TO DO: Identify, in the records below, every line where the string "cases" appears, and copy each such line.

··· MATERIALS PROVIDED

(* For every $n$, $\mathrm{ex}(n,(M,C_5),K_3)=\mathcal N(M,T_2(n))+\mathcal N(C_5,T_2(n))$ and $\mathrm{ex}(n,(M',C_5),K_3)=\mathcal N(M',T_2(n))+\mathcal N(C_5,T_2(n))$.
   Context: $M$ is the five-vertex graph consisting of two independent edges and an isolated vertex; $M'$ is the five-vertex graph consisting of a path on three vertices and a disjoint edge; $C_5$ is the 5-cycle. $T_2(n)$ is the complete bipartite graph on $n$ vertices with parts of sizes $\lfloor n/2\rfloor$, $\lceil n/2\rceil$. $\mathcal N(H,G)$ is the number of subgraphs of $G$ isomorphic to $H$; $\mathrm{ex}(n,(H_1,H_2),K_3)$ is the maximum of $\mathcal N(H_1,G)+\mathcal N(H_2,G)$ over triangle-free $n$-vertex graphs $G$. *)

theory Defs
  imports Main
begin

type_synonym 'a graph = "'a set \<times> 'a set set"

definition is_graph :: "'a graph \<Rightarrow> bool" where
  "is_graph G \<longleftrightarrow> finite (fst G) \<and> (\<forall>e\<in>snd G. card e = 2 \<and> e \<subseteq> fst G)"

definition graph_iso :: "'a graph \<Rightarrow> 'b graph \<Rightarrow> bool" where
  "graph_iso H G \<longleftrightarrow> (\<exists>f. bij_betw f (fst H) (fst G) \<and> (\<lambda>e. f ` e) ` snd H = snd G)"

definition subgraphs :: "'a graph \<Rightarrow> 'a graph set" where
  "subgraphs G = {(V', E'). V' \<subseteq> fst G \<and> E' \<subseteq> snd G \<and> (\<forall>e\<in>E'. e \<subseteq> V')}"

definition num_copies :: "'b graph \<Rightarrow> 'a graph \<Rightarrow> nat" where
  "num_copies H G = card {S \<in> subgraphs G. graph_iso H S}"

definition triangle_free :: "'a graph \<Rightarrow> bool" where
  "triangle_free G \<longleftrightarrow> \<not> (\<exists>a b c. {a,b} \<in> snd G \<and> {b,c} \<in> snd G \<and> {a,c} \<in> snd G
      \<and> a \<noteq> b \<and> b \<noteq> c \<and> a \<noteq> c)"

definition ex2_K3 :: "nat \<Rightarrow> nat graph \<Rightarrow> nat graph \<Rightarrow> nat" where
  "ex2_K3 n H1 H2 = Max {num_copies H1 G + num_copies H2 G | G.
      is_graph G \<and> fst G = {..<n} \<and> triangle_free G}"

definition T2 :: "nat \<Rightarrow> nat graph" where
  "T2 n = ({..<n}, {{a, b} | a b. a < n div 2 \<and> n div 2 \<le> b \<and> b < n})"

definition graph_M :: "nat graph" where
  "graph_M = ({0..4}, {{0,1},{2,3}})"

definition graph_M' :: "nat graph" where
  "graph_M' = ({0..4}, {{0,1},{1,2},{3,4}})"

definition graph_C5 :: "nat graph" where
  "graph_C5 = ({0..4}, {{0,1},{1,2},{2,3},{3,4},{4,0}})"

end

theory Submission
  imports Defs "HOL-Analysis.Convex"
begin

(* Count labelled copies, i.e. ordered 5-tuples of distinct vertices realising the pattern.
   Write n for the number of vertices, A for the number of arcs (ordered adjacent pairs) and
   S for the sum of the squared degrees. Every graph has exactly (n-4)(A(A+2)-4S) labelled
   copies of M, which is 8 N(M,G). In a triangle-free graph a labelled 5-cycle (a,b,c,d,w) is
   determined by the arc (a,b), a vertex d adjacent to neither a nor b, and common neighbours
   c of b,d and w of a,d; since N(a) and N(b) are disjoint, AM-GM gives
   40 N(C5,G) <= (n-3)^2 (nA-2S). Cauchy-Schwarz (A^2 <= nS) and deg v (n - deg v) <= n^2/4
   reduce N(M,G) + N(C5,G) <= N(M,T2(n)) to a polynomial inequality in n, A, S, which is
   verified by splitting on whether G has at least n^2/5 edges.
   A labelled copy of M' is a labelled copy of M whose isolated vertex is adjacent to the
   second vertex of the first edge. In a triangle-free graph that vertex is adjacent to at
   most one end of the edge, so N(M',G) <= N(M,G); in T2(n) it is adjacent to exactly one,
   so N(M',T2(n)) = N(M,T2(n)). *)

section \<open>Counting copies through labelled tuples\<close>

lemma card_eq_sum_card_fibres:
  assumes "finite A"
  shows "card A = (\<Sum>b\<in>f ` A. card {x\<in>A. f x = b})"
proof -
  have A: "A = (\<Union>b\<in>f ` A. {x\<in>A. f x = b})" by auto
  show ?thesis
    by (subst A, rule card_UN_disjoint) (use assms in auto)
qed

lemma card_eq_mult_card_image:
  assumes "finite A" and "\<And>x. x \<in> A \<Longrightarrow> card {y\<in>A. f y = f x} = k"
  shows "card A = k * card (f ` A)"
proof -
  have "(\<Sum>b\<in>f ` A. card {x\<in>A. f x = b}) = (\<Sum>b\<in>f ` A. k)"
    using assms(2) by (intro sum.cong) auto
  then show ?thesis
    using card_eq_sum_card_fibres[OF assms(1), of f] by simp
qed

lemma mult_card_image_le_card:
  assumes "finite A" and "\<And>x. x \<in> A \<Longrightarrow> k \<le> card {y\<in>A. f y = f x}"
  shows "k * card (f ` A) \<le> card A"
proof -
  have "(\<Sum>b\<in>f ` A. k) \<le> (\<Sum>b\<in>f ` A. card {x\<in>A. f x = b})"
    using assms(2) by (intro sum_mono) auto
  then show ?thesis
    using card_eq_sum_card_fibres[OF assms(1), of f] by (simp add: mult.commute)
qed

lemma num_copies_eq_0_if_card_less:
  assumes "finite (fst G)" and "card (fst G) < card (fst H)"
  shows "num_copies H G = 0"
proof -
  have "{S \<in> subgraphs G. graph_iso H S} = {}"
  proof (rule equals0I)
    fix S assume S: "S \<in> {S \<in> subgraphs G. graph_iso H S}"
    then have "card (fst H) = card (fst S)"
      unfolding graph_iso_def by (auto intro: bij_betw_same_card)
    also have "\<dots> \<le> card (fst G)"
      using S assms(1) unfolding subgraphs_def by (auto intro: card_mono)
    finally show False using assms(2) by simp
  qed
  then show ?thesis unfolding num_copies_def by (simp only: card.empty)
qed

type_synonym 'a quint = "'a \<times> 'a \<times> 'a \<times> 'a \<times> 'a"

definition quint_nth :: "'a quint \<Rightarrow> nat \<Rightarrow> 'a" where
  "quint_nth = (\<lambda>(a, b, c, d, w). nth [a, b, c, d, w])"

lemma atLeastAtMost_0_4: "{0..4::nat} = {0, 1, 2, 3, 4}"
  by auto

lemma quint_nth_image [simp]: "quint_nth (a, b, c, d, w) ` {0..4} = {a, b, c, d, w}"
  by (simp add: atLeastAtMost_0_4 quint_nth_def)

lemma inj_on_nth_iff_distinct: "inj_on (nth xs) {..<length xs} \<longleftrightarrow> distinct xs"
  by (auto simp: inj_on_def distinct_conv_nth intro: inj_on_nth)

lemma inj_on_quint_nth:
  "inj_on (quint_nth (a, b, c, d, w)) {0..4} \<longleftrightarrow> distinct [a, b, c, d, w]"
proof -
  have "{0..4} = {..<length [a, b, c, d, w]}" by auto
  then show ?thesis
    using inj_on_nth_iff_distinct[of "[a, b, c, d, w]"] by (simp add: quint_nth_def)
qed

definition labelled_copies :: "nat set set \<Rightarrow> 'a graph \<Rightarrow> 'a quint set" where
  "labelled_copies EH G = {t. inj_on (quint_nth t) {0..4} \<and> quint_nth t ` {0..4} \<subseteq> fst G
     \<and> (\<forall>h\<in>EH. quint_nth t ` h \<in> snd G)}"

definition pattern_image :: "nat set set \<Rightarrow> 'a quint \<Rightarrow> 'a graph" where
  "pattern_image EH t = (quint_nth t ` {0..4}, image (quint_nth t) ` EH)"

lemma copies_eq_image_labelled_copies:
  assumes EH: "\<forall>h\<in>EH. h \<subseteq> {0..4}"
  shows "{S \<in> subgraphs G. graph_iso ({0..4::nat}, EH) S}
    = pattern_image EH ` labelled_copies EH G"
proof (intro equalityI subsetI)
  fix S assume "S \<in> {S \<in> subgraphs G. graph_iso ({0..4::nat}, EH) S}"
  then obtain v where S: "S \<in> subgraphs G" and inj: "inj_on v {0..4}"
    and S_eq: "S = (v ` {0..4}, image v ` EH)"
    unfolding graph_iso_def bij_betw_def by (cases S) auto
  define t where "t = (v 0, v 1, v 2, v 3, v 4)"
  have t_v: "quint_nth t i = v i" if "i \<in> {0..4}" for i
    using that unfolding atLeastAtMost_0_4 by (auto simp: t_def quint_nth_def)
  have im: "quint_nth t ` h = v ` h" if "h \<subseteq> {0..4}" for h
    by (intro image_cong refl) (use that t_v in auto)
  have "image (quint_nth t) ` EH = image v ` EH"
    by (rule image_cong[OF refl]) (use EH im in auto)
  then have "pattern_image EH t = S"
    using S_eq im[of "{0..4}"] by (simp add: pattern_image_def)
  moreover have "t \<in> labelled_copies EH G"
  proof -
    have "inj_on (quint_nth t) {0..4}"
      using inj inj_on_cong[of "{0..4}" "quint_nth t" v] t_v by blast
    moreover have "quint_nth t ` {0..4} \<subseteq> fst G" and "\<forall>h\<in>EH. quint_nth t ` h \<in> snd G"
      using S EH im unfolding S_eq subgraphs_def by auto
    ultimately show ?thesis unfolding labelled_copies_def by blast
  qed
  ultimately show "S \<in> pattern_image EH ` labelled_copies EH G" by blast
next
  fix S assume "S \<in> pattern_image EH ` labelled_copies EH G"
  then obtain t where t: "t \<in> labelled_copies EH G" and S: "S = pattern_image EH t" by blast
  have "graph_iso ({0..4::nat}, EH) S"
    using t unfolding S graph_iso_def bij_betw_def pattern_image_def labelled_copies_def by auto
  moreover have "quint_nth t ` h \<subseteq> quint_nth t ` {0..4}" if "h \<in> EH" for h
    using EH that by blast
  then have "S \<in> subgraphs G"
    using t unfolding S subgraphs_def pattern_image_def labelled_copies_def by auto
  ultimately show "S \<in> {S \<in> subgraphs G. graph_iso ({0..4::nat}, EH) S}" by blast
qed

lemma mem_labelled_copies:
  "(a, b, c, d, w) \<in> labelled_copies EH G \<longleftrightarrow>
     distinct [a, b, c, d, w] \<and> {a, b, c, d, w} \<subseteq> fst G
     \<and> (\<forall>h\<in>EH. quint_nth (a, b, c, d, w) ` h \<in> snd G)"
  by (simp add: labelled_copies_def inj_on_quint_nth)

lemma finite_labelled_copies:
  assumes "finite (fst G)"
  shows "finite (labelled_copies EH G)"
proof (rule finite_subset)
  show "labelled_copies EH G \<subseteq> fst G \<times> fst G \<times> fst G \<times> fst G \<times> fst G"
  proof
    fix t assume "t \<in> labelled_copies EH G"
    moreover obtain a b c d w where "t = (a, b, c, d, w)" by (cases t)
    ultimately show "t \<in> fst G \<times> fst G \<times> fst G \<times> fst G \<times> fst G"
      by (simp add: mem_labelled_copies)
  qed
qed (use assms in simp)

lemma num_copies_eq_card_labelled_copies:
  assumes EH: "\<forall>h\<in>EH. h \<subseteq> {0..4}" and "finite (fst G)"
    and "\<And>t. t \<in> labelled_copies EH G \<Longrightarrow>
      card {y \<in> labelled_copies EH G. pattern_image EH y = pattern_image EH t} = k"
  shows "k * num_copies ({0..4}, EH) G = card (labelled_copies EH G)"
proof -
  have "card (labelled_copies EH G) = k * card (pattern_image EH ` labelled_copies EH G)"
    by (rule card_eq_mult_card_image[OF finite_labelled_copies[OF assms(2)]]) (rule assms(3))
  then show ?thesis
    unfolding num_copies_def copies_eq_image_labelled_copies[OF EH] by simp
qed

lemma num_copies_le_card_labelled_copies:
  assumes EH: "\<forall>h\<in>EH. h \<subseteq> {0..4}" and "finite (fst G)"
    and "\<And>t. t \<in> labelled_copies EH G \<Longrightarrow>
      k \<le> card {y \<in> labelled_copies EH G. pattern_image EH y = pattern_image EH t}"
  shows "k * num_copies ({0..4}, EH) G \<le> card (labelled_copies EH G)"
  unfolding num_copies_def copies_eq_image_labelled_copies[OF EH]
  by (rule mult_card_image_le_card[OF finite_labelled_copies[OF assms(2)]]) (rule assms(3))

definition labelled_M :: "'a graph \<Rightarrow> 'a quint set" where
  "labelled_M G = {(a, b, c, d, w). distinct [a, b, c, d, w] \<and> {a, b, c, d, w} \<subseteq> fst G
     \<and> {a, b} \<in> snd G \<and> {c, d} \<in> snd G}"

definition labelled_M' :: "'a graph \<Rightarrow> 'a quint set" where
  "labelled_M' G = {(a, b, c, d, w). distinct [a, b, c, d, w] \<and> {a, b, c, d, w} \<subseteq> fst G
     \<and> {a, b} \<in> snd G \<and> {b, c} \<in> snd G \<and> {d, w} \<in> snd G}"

······
··· MATERIALS PROVIDED

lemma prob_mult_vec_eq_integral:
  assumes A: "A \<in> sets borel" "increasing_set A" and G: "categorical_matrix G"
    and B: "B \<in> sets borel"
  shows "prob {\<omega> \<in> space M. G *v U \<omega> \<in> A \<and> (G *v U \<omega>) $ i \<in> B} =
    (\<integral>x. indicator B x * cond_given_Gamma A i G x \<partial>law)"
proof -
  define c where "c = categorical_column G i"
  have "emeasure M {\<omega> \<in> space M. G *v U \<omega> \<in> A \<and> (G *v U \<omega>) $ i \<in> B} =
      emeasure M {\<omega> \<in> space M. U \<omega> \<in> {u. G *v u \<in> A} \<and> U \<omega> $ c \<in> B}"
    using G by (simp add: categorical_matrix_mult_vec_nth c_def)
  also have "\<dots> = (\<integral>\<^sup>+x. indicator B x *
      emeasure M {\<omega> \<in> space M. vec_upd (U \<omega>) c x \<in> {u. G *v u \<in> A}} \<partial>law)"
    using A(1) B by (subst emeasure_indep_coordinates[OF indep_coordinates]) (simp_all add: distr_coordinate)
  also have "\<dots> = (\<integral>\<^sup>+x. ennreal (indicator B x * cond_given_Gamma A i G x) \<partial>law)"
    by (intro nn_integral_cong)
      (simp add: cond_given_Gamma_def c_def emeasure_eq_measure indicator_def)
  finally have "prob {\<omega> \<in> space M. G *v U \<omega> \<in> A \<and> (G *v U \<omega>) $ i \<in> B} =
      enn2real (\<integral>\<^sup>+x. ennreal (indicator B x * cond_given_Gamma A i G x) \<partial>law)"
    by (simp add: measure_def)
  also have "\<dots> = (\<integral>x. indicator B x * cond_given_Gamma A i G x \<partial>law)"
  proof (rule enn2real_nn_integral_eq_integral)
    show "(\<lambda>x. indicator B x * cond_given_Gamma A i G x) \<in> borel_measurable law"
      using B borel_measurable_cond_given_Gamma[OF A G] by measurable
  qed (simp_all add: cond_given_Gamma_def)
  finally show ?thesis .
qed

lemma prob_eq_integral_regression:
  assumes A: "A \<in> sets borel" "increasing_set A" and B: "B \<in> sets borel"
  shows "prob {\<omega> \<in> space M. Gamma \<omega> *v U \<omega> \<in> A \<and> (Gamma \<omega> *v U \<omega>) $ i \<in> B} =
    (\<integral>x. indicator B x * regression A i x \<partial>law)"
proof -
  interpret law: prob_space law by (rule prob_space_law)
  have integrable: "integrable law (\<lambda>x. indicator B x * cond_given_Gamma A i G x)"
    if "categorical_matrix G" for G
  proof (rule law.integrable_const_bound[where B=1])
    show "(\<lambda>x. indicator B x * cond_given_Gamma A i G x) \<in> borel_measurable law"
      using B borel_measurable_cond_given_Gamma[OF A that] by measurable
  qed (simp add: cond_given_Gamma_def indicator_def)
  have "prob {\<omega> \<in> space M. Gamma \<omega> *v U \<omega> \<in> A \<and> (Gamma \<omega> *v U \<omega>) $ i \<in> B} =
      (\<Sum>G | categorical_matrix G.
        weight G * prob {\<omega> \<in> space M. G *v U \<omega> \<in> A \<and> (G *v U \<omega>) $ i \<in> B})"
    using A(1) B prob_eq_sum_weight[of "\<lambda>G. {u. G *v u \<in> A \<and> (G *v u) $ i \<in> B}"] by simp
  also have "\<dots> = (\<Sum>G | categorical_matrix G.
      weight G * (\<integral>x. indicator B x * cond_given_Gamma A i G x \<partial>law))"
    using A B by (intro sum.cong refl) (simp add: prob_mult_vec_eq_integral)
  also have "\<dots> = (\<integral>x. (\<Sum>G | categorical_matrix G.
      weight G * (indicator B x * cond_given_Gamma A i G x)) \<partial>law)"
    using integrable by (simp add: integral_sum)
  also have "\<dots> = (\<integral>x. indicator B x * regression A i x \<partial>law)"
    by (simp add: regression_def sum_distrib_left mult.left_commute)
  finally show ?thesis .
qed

······
··· MATERIALS PROVIDED

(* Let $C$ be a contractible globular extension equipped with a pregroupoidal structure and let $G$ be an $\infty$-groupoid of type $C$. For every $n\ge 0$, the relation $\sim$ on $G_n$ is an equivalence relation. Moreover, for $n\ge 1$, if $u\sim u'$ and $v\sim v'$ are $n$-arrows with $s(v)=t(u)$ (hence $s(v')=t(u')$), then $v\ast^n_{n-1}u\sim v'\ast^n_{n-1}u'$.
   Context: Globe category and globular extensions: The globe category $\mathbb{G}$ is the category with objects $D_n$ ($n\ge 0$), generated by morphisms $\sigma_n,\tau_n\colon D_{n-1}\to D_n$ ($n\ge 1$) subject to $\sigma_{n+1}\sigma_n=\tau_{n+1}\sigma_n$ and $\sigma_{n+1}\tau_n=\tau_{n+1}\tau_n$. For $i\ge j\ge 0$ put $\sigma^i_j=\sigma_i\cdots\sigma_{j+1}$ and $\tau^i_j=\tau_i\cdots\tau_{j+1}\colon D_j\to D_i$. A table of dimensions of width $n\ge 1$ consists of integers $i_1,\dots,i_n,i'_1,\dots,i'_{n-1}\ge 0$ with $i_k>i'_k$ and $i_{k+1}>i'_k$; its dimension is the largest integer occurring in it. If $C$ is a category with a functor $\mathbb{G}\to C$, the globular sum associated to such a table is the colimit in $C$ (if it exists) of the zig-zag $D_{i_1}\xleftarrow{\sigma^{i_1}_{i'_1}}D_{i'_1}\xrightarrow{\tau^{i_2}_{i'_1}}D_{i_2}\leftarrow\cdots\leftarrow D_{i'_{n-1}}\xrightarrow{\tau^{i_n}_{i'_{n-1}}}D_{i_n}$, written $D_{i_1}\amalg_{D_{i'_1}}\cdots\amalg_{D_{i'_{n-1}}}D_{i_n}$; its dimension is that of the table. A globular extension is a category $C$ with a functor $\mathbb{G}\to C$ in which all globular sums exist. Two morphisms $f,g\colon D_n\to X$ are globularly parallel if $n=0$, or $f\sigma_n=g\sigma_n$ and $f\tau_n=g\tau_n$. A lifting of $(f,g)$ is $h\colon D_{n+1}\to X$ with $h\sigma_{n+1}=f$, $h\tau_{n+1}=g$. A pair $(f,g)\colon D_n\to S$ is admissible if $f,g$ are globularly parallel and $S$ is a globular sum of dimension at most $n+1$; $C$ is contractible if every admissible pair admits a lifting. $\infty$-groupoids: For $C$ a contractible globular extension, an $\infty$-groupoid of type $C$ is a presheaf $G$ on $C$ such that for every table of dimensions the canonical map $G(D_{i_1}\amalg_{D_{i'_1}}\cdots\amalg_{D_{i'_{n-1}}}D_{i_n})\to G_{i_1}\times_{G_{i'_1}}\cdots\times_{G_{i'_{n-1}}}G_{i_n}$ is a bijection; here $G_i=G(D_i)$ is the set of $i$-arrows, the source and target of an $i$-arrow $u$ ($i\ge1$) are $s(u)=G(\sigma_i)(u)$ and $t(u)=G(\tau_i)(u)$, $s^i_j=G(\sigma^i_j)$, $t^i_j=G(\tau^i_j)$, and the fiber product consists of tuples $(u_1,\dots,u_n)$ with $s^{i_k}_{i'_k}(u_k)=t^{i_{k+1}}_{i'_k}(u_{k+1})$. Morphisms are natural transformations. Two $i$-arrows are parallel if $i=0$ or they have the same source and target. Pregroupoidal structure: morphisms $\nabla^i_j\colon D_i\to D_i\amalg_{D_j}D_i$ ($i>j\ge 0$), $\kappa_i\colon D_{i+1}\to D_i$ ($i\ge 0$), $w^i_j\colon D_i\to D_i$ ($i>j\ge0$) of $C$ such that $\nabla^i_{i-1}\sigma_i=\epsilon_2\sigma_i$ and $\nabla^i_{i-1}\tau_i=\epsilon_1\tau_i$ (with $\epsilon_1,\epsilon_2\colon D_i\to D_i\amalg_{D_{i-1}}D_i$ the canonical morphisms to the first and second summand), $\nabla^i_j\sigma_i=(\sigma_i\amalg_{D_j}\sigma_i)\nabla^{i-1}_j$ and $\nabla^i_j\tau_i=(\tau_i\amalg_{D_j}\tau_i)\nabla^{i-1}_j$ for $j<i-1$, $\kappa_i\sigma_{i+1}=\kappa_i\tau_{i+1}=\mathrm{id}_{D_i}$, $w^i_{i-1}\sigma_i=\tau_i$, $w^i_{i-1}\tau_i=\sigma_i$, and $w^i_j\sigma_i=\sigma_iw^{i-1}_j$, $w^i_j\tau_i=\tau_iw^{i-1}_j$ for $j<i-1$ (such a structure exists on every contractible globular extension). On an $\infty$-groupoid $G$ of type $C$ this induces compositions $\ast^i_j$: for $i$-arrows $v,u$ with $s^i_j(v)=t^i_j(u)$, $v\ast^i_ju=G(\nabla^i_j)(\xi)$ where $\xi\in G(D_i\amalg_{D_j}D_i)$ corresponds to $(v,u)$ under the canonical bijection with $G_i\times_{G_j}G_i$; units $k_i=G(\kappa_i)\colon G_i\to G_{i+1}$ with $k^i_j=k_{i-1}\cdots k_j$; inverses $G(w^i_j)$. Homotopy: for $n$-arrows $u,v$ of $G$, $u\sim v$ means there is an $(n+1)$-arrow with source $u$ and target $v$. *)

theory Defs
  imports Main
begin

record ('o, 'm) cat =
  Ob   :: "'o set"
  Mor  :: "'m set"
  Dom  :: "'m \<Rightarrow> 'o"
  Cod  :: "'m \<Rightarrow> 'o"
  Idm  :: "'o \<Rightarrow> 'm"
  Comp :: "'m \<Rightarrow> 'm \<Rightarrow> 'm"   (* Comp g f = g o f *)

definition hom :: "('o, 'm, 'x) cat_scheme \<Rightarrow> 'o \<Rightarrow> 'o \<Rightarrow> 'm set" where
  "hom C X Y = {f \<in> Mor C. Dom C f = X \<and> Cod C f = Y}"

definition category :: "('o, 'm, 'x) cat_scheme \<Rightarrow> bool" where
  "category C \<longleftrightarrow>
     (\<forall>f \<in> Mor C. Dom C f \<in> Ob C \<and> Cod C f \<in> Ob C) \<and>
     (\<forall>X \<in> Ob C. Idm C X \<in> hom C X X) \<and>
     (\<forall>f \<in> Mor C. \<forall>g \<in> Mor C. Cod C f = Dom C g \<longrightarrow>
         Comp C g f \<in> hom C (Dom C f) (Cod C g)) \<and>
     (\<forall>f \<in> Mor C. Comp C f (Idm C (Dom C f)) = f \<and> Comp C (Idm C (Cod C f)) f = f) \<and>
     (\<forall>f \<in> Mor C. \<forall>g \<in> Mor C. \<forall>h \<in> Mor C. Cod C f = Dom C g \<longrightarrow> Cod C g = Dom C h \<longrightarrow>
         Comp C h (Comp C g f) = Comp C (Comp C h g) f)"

······

ANSWER TO THE PROBLEM:
    unfolding graph_iso_def bij_betw_def by (cases S) auto
    moreover obtain a b c d w where "t = (a, b, c, d, w)" by (cases t)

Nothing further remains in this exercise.